На это Балтрус бойко откликнулся:
— Я уже все обдумал, духовный отец: подожду, думаю, полной демократии. Когда не будет ни преисподней, ни рая, ни исповеди, ни молитв. Я думаю, дождусь. Теперь ведь не средневековье, не правда ли, батюшка настоятель?
Батюшка более не спорил: возможно, лишился речи, быть может, не нашел что сказать в ответ, а может быть, был согласен с мнением Балтрамеюса. Кто его знает...
СТАРИК-СТАРЬЕВЩИК
Как, каким образом колхозник Викрутис очутился за Атлантикой — не знает никто. Но он, прижав руку к сердцу, утверждает, что в той стороне побывал, — и все тут. Многие словам его доверяют. Не верит и не хочет их слышать только старый колхозный интеллигент ветеринар Шнибждукас. Заслышав рассказ Викрутиса о путешествии в заморские края, Шнибждукас, краснея от стыда, пускается наутек, с глаз долой. Дело в том, что сам-то он всем уши прожужжал про тот долларовый рай, про те златые горы, что, мол, там и хлеб прямо на тротуарах растет. А в колхозе Шнибждукасу все неладно: и хлеб в глотку не лезет, и водка через меру горчит, и мясо слишком жесткое; сало чересчур жирное, молоко больно жидкое; и погода вообще сплошь дожди, зимой холодно, летом жарко и т. д. А главное — к власти душа не лежит, не настоящая она. А вот там, мол, у его дяди Сэма, правительство сидит настоящее, литовское. И до тех пор Шнибждукас дудел в свою дуду, пока Викрутис однажды не сказал:
— А что, надо бы как-нибудь на досуге заглянуть в те края. Сообщение теперь хорошее — сяду на реактивный и слетаю к этому дяде. С картошкой управимся, и махну.
И что ты с ним поделаешь — полетел и назад воротился. Теперь всей апилинке рассказывает, что видел да что слышал. Жаль, всего не успел осмотреть; проголодался, домой заспешил — чтобы ужин не простыл. Жена-то сквалыга, на дорогу ни гроша не дала, а опоздаешь часом — еду не подогреет. Стало быть, сперва он кинулся туда, куда больший интерес завлекал — поглядеть на тех настоящих правителей. Шнибждукас ведь просил привет им передать.
Вместе с другими туристами попал он не то в музей, не то в покойницкую, на кладбище, а возможно, и в зоологический сад. Доподлинно он не ведает, так как, не зная тамошнего иностранного языка, надписи над воротами прочесть не смог.

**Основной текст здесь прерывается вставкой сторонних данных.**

definition collective_strategy :: "('p \<Rightarrow> 's \<Rightarrow> 'a set) \<Rightarrow> 'p set \<Rightarrow> ('p \<Rightarrow> 's list \<Rightarrow> 'a pmf) \<Rightarrow> bool" where
  "collective_strategy Av Team \<sigma> \<longleftrightarrow> (\<forall>p\<in>Team. strategy Av p (\<sigma> p))"

definition combine :: "'p \<Rightarrow> ('p \<Rightarrow> 's list \<Rightarrow> 'a pmf) \<Rightarrow> ('s list \<Rightarrow> 'a pmf) \<Rightarrow> ('p \<Rightarrow> 's list \<Rightarrow> 'a pmf)" where
  "combine opp \<sigma> \<tau> = (\<lambda>p. if p = opp then \<tau> else \<sigma> p)"

definition next_dist :: "'p set \<Rightarrow> ('s \<Rightarrow> ('p \<Rightarrow> 'a) \<Rightarrow> 's pmf) \<Rightarrow> ('p \<Rightarrow> 's list \<Rightarrow> 'a pmf)
    \<Rightarrow> 's list \<Rightarrow> 's pmf" where
  "next_dist Pl delta \<sigma> h = bind_pmf (Pi_pmf Pl undefined (\<lambda>p. \<sigma> p h)) (\<lambda>\<alpha>. delta (last h) \<alpha>)"

fun reach_within :: "('s list \<Rightarrow> 's pmf) \<Rightarrow> 's set \<Rightarrow> nat \<Rightarrow> 's list \<Rightarrow> real" where
  "reach_within P T 0 h = (if last h \<in> T then 1 else 0)"
| "reach_within P T (Suc n) h = (if last h \<in> T then 1
      else measure_pmf.expectation (P h) (\<lambda>t. reach_within P T n (h @ [t])))"

text \<open>Probability that the play from s under profile sigma eventually visits T
  (limit = supremum of the nondecreasing finite-horizon probabilities).\<close>
definition reach_prob :: "'p set \<Rightarrow> ('s \<Rightarrow> ('p \<Rightarrow> 'a) \<Rightarrow> 's pmf) \<Rightarrow> 's set
    \<Rightarrow> ('p \<Rightarrow> 's list \<Rightarrow> 'a pmf) \<Rightarrow> 's \<Rightarrow> real" where
  "reach_prob Pl delta T \<sigma> s = (SUP n. reach_within (next_dist Pl delta \<sigma>) T n [s])"

definition win_set :: "'p set \<Rightarrow> 'p \<Rightarrow> ('p \<Rightarrow> 's \<Rightarrow> 'a set) \<Rightarrow> ('s \<Rightarrow> ('p \<Rightarrow> 'a) \<Rightarrow> 's pmf)
    \<Rightarrow> 's set \<Rightarrow> 's set" where
  "win_set Pl opp Av delta T = {s. \<exists>\<sigma>. collective_strategy Av (Pl - {opp}) \<sigma> \<and>
      (\<forall>\<tau>. strategy Av opp \<tau> \<longrightarrow> reach_prob Pl delta T (combine opp \<sigma> \<tau>) s = 1)}"

definition collective_selector :: "('p \<Rightarrow> 's \<Rightarrow> 'a set) \<Rightarrow> 'p set \<Rightarrow> 's \<Rightarrow> ('p \<Rightarrow> 'a pmf) \<Rightarrow> bool" where
  "collective_selector Av Team s \<xi> \<longleftrightarrow> (\<forall>p\<in>Team. set_pmf (\<xi> p) \<subseteq> Av p s)"

definition sel_mass :: "'p set \<Rightarrow> 'p \<Rightarrow> ('p \<Rightarrow> 's \<Rightarrow> 'a set) \<Rightarrow> ('s \<Rightarrow> ('p \<Rightarrow> 'a) \<Rightarrow> 's pmf)
    \<Rightarrow> 's \<Rightarrow> ('p \<Rightarrow> 'a pmf) \<Rightarrow> 'a \<Rightarrow> 's set \<Rightarrow> real" where
  "sel_mass Pl opp Av delta s \<xi> b X =
     (\<Sum>t\<in>X. \<Sum>a\<in>PiE (Pl - {opp}) (\<lambda>p. Av p s).
        (\<Prod>p\<in>Pl - {opp}. pmf (\<xi> p) (a p)) * pmf (delta s (a(opp := b))) t)"

fun W_seq :: "'p set \<Rightarrow> 'p \<Rightarrow> ('p \<Rightarrow> 's \<Rightarrow> 'a set) \<Rightarrow> ('s \<Rightarrow> ('p \<Rightarrow> 'a) \<Rightarrow> 's pmf)
    \<Rightarrow> 's set \<Rightarrow> nat \<Rightarrow> 's set" where
  "W_seq Pl opp Av delta T 0 = T"
| "W_seq Pl opp Av delta T (Suc k) = W_seq Pl opp Av delta T k \<union>
     {s \<in> win_set Pl opp Av delta T. \<exists>\<xi>. collective_selector Av (Pl - {opp}) s \<xi> \<and>
        (\<forall>b\<in>Av opp s. sel_mass Pl opp Av delta s \<xi> b (W_seq Pl opp Av delta T k) > 0 \<and>
                      sel_mass Pl opp Av delta s \<xi> b (win_set Pl opp Av delta T) = 1)}"

end

theory Submission
  imports Defs
begin

text \<open>The sets \<open>W\<^sub>k\<close> increase inside the finite state space, so they stabilise at some
  \<open>W\<^sub>m \<subseteq> W\<close>. If some \<open>s \<in> W - W\<^sub>m\<close> existed, no state of \<open>W - W\<^sub>m\<close> would admit a progressing
  selector, so against the team's winning strategy from \<open>s\<close> the opponent can answer every
  selector there by an action that either gives \<open>W\<^sub>m\<close> probability 0 or leaves \<open>W\<close> with
  positive probability. If the play never leaves \<open>W\<close>, it is trapped in \<open>W - W\<^sub>m\<close>, which is
  disjoint from \<open>T\<close>; if it leaves \<open>W\<close>, the opponent switches at the exit to a strategy that
  beats the team from there. Either way the team fails to win from \<open>s\<close>.\<close>

lemma expectation_pmf_finite:
  fixes f :: "'s::finite \<Rightarrow> real"
  shows "measure_pmf.expectation M f = (\<Sum>t\<in>UNIV. f t * pmf M t)"
  by (rule integral_measure_pmf_real) auto

lemma reach_within_bounds:
  fixes P :: "'s::finite list \<Rightarrow> 's pmf"
  shows "0 \<le> reach_within P T n h \<and> reach_within P T n h \<le> 1"
proof (induction n arbitrary: h)
  case 0
  then show ?case by simp
next
  case (Suc n)
  have "(\<Sum>t\<in>UNIV. reach_within P T n (h @ [t]) * pmf (P h) t) \<le> (\<Sum>t\<in>UNIV. pmf (P h) t)"
    by (intro sum_mono) (use Suc pmf_nonneg in \<open>auto intro: mult_left_le_one_le\<close>)
  also have "\<dots> = 1"
    by (rule sum_pmf_eq_1) auto
  finally have "(\<Sum>t\<in>UNIV. reach_within P T n (h @ [t]) * pmf (P h) t) \<le> 1" .
  moreover have "0 \<le> (\<Sum>t\<in>UNIV. reach_within P T n (h @ [t]) * pmf (P h) t)"
    by (intro sum_nonneg) (use Suc in auto)
  ultimately show ?case
    by (simp add: expectation_pmf_finite)
qed

lemma reach_within_le_Suc:
  fixes P :: "'s::finite list \<Rightarrow> 's pmf"
  shows "reach_within P T n h \<le> reach_within P T (Suc n) h"
proof (induction n arbitrary: h)
  case 0
  then show ?case
    using reach_within_bounds[of P T 0] by (auto simp: expectation_pmf_finite intro!: sum_nonneg)
next
  case (Suc n)
  have "(\<Sum>t\<in>UNIV. reach_within P T n (h @ [t]) * pmf (P h) t)
      \<le> (\<Sum>t\<in>UNIV. reach_within P T (Suc n) (h @ [t]) * pmf (P h) t)"
    by (intro sum_mono mult_right_mono Suc.IH) auto
  then show ?case
    by (simp only: reach_within.simps(2) expectation_pmf_finite) simp
qed

lemma reach_within_mono:
  fixes P :: "'s::finite list \<Rightarrow> 's pmf"
  assumes "n \<le> n'"
  shows "reach_within P T n h \<le> reach_within P T n' h"
  using lift_Suc_mono_le[of "\<lambda>n. reach_within P T n h", OF reach_within_le_Suc assms] .

lemma reach_within_le_reach_prob:
  fixes s :: "'s::finite"
  shows "reach_within (next_dist Pl delta \<sigma>) T n [s] \<le> reach_prob Pl delta T \<sigma> s"
  unfolding reach_prob_def using reach_within_bounds
  by (intro cSUP_upper) (auto intro!: bdd_aboveI[of _ 1])

lemma reach_prob_le_1:
  fixes s :: "'s::finite"
  shows "reach_prob Pl delta T \<sigma> s \<le> 1"
  unfolding reach_prob_def using reach_within_bounds by (intro cSUP_least) auto

lemma reach_within_step_bound:
  fixes P :: "'s::finite list \<Rightarrow> 's pmf"
  assumes "last h \<notin> T"
  shows "reach_within P T (Suc n) h \<le> 1 - pmf (P h) t + pmf (P h) t * reach_within P T n (h @ [t])"
proof -
  let ?f = "\<lambda>u. reach_within P T n (h @ [u]) * pmf (P h) u"
  have "(\<Sum>u\<in>UNIV. ?f u) = ?f t + (\<Sum>u\<in>UNIV - {t}. ?f u)"
    by (subst sum.remove[of _ t]) auto
  also have "(\<Sum>u\<in>UNIV - {t}. ?f u) \<le> (\<Sum>u\<in>UNIV - {t}. pmf (P h) u)"
    using reach_within_bounds by (intro sum_mono mult_left_le_one_le) auto
  also have "(\<Sum>u\<in>UNIV - {t}. pmf (P h) u) = 1 - pmf (P h) t"
    using sum_pmf_eq_1[of UNIV "P h"] by (subst sum_diff1) auto
  finally show ?thesis
    using assms by (simp add: expectation_pmf_finite mult.commute)
qed

fun path_prob :: "('s list \<Rightarrow> 's pmf) \<Rightarrow> 's list \<Rightarrow> 's list \<Rightarrow> real" where
  "path_prob P h [] = 1"
| "path_prob P h (t # ext) = pmf (P h) t * path_prob P (h @ [t]) ext"

lemma path_prob_snoc:
  "path_prob P h (ext @ [t]) = path_prob P h ext * pmf (P (h @ ext)) t"
  by (induction ext arbitrary: h) auto

lemma path_prob_cong:
  assumes "\<And>i. i < length ext \<Longrightarrow> P (h @ take i ext) = P' (h @ take i ext)"
  shows "path_prob P h ext = path_prob P' h ext"
  using assms
proof (induction ext arbitrary: h)
  case Nil
  then show ?case by simp
next
  case (Cons t ext)
  have "P h = P' h"
    using Cons.prems[of 0] by simp
  moreover have "path_prob P (h @ [t]) ext = path_prob P' (h @ [t]) ext"
    using Cons.prems[of "Suc i" for i] by (intro Cons.IH) auto
  ultimately show ?case by simp
qed

lemma reach_within_path_bound:
  fixes P :: "'s::finite list \<Rightarrow> 's pmf"
  assumes "last h \<notin> T" and "set ext \<inter> T = {}"
  shows "reach_within P T (n + length ext) h
    \<le> 1 - path_prob P h ext + path_prob P h ext * reach_within P T n (h @ ext)"
  using assms
proof (induction ext arbitrary: h)
  case Nil
  then show ?case by simp
next
  case (Cons t ext)
  let ?r = "reach_within P T (n + length ext) (h @ [t])"
  have IH: "?r \<le> 1 - path_prob P (h @ [t]) ext
      + path_prob P (h @ [t]) ext * reach_within P T n (h @ t # ext)"
    using Cons.IH[of "h @ [t]"] Cons.prems by auto
  have "reach_within P T (Suc (n + length ext)) h \<le> 1 - pmf (P h) t + pmf (P h) t * ?r"
    using Cons.prems by (intro reach_within_step_bound) auto
  moreover have "pmf (P h) t * ?r \<le> pmf (P h) t * (1 - path_prob P (h @ [t]) ext
      + path_prob P (h @ [t]) ext * reach_within P T n (h @ t # ext))"
    by (intro mult_left_mono IH) auto
  ultimately show ?case
    by (simp add: algebra_simps)
qed

lemma reach_within_shift:
  assumes "\<And>rest. P (h1 @ t # rest) = P' (t # rest)"
  shows "reach_within P T n (h1 @ t # rest) = reach_within P' T n (t # rest)"
proof (induction n arbitrary: rest)
  case 0
  then show ?case by simp
next
  case (Suc n)
  have "reach_within P T n (h1 @ t # rest @ [u]) = reach_within P' T n (t # rest @ [u])" for u
    using Suc by (metis append_Cons append_assoc)
  then show ?case
    using assms by simp
qed

lemma reach_within_trapped:
  fixes P :: "'s::finite list \<Rightarrow> 's pmf"
  assumes "U \<inter> T = {}" and "last h \<in> U"
    and "\<And>ext. set ext \<subseteq> U \<Longrightarrow> path_prob P h ext > 0 \<Longrightarrow> set_pmf (P (h @ ext)) \<subseteq> U"
  shows "reach_within P T n h = 0"
  using assms(2,3)
proof (induction n arbitrary: h)
  case 0
  then show ?case using assms(1) by auto
next
  case (Suc n)
  have vanish: "reach_within P T n (h @ [t]) * pmf (P h) t = 0" for t
  proof (cases "pmf (P h) t = 0")
    case False
    then have pos: "pmf (P h) t > 0"
      using pmf_nonneg[of "P h" t] by linarith
    have tU: "t \<in> U"
      using Suc.prems(2)[of "[]"] False by (auto simp: set_pmf_eq)
    have "reach_within P T n (h @ [t]) = 0"
    proof (rule Suc.IH)
      fix ext
      assume "set ext \<subseteq> U" "path_prob P (h @ [t]) ext > 0"
      then show "set_pmf (P ((h @ [t]) @ ext)) \<subseteq> U"
        using Suc.prems(2)[of "t # ext"] tU pos by simp
    qed (use tU in simp)
    then show ?thesis by simp
  qed simp
  then show ?case
    using Suc.prems(1) assms(1) by (auto simp: expectation_pmf_finite vanish)
qed

lemma next_dist_cong:
  assumes "\<And>p. p \<in> Pl \<Longrightarrow> \<sigma> p h = \<sigma>' p h'" and "last h = last h'"
  shows "next_dist Pl delta \<sigma> h = next_dist Pl delta \<sigma>' h'"
  unfolding next_dist_def using assms by (simp cong: Pi_pmf_cong)

lemma prob_next_dist_eq_sel_mass:
  fixes X :: "'s::finite set"
  assumes fin: "finite Pl" and opp: "opp \<in> Pl"
    and finAv: "\<And>p. p \<in> Pl - {opp} \<Longrightarrow> finite (Av p s)"
    and sel: "collective_selector Av (Pl - {opp}) s (\<lambda>p. \<sigma> p h)"
    and s: "last h = s" and tau: "\<tau> h = return_pmf b"
  shows "measure_pmf.prob (next_dist Pl delta (combine opp \<sigma> \<tau>) h) X
       = sel_mass Pl opp Av delta s (\<lambda>p. \<sigma> p h) b X"
proof -
  let ?A = "Pl - {opp}"
  let ?M = "Pi_pmf ?A undefined (\<lambda>p. \<sigma> p h)"
  have "Pi_pmf Pl undefined (\<lambda>p. combine opp \<sigma> \<tau> p h)
      = Pi_pmf (insert opp ?A) undefined (\<lambda>p. combine opp \<sigma> \<tau> p h)"
    using opp by (simp add: insert_absorb)
  also have "\<dots> = map_pmf (\<lambda>(y,f). f(opp:=y)) (pair_pmf (return_pmf b)
        (Pi_pmf ?A undefined (\<lambda>p. combine opp \<sigma> \<tau> p h)))"
    using fin by (subst Pi_pmf_insert) (auto simp: combine_def tau)
  also have "Pi_pmf ?A undefined (\<lambda>p. combine opp \<sigma> \<tau> p h) = ?M"
    by (rule Pi_pmf_cong) (auto simp: combine_def)
  finally have "Pi_pmf Pl undefined (\<lambda>p. combine opp \<sigma> \<tau> p h) = map_pmf (\<lambda>f. f(opp:=b)) ?M"
    by (simp add: pair_return_pmf1 map_pmf_comp fun_upd_def)
  then have nd: "next_dist Pl delta (combine opp \<sigma> \<tau>) h = bind_pmf ?M (\<lambda>a. delta s (a(opp:=b)))"
    unfolding next_dist_def s by (simp add: bind_map_pmf)
  have finA: "finite (PiE ?A (\<lambda>p. Av p s))"
    using fin finAv by (intro finite_PiE) auto
  have supp: "a \<in> PiE ?A (\<lambda>p. Av p s)" if "a \<in> set_pmf ?M" for a
    using that sel fin
    by (auto simp: collective_selector_def set_Pi_pmf PiE_dflt_def PiE_def extensional_def)
  have "measure_pmf.prob (next_dist Pl delta (combine opp \<sigma> \<tau>) h) X
      = (\<Sum>t\<in>X. \<Sum>a\<in>PiE ?A (\<lambda>p. Av p s). pmf (delta s (a(opp:=b))) t * pmf ?M a)"
    unfolding nd measure_measure_pmf_finite[OF finite] pmf_bind
    by (intro sum.cong refl integral_measure_pmf_real finA) (use supp in auto)
  also have "\<dots> = sel_mass Pl opp Av delta s (\<lambda>p. \<sigma> p h) b X"
    unfolding sel_mass_def using fin
    by (intro sum.cong refl, subst pmf_Pi') (auto simp: PiE_def extensional_def)
  finally show ?thesis .
qed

— Пробрался я к месту пребывания тех властителей следом за другими, — рассказывал Викрутис. — Впереди всех сам дядя трусил — старикашка трухлявый, почитай едва живой, но на язык еще бойкий и задиристый, как и самый их тот капитализм. Поначалу показалось, будто я в хлев попал при вывозке навоза — такой тяжелый дух в нос ударил. Ну и подумал: может, кто прелые портянки оставил или дохлая собака где-то лежит. Потом, правда, притерпелся, порешил: возможно, сам дядя по-старости нутряных газов не сдерживает... Ну и насмотрелся я там, понавиделся! Столько владык, столько королей в одной куче никогда не видел! Законсервированные, забальзамированные, копченые и квашеные, густо посоленные, лежат они там навалом. Всякие были: и толстые, и худые, и в военной форме, и во фраках, с бантами и аксельбантами, вылощенные и пообтертые. А некоторые так в одном исподнем. Словом, сообразно с тем, как кому довелось с трона драпать. А уж орденов-то, орденов, блестящих пуговиц — в глазах рябит. Тут я и подумал: вот кабы все эти цацки в металлолом сбыть — сколько полезных вещей можно отлить! Или отдать детям, было бы чем их потешить!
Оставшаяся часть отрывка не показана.